• [Exercise requirements]:
Give the number of lines below that contain "pcats", with no other output.

BEGIN Source material

(* For each $x\in X$ we have $\deg(x)=\deg(T(x))$.
   Context: Paths and cycles: a graph is $G=(V,E)$ with $V$ finite and $E\subset V\times V$. A path is a finite sequence of vertices $(u_0,\dots,u_L)$ with $(u_j,u_{j+1})\in E$; its length is $|\cdot|=L$; a cycle is a path with $u_0=u_L$. For paths where one ends where the next starts, $+$ denotes concatenation and $a\,c$ means the cycle $c$ traversed $a$ times. Construction: $G_0=(V_0,E_0)$ with $V_0=\{v_{0,0}\}$, $E_0=\{e_{0,0}\}$, $e_{0,0}=(v_{0,0},v_{0,0})$. For $n\geq1$, $G_n=(V_n,E_n)$ consists of a vertex $v_{n,0}$, the loop $e_{n,0}=(v_{n,0},v_{n,0})$, and $n$ cycles $c_{n,1},\dots,c_{n,n}$, each starting and ending at $v_{n,0}$, whose vertices other than $v_{n,0}$ are pairwise distinct (within each cycle and across cycles); $V_n$ is the set of all these vertices and $E_n$ consists of $e_{n,0}$ and the edges of the cycles. The maps $\varphi_n\colon V_{n+1}\to V_n$ and the lengths of the cycles $c_{n+1,i}$ are defined together: $\varphi_n(v_{n+1,0})=v_{n,0}$, and for each $i$ a path $P_{n,i}$ in $G_n$ from $v_{n,0}$ to $v_{n,0}$ is given; $c_{n+1,i}$ has length $|P_{n,i}|$ and $\varphi_n$ maps its $j$-th vertex to the $j$-th vertex of $P_{n,i}$ (written $\varphi_n(c_{n+1,i})=P_{n,i}$). The paths are: $P_{0,1}=10\,e_{0,0}$; for $n\geq1$: $P_{n,i}=e_{n,0}+2c_{n,i}+2c_{n,i+1}+\dots+2c_{n,n}+e_{n,0}$ for $2\leq i\leq n$; $P_{n,n+1}=(n+2)^2\big(\sum_{i=1}^n|c_{n,i}|\big)\,e_{n,0}$; and $P_{n,1}=(1\,e_{n,0}+2c_{n,1})+(2\,e_{n,0}+2c_{n,1})+\dots+(k_n\,e_{n,0}+2c_{n,1})+e_{n,0}+2c_{n,2}+\dots+2c_{n,n}+e_{n,0}$, where $k_n=2\big(1+\sum_{i=1}^n|c_{n,i}|\big)$. Let $X=\{x\in\prod_{n\geq0}V_n:\varphi_n(x_{n+1})=x_n\ \forall n\}$ with metric $d(x,y)=2^{-\min\{i:x_i\neq y_i\}}$ ($d(x,x)=0$); $X$ is a compact zero-dimensional metric space, and $T\colon X\to X$ defined by $T(x)=y$ iff $(x_n,y_n)\in E_n$ for all $n$ is a well-defined homeomorphism. Write $x_n$ for the $n$-th coordinate of $x$. Degree: for $v\in V_n$, $\deg(v)=+\infty$ if $v=v_{n,0}$ and $\deg(v)=i$ if $v$ is a vertex of $c_{n,i}$ different from $v_{n,0}$; for $x\in X$, $\deg(x)=\min_n\deg(x_n)$. *)

theory Defs
  imports Main "HOL-Library.Extended_Nat"
begin

text \<open>Vertices of G_n: the base vertex v_{n,0} is Center; Cyc i j is the j-th vertex
  (1 <= j < |c_{n,i}|) of the cycle c_{n,i}.\<close>
datatype vtx = Center | Cyc nat nat

text \<open>Paths are represented as lists of vertices (u_0,...,u_L); length of path = length - 1.\<close>
definition pcat :: "vtx list \<Rightarrow> vtx list \<Rightarrow> vtx list" where
  "pcat p q = p @ tl q"

primrec prep :: "nat \<Rightarrow> vtx list \<Rightarrow> vtx list" where
  "prep 0 p = [Center]"
| "prep (Suc a) p = pcat p (prep a p)"

definition pcats :: "vtx list list \<Rightarrow> vtx list" where
  "pcats ps = foldr pcat ps [Center]"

END Source material

• [Reply to the task]:
2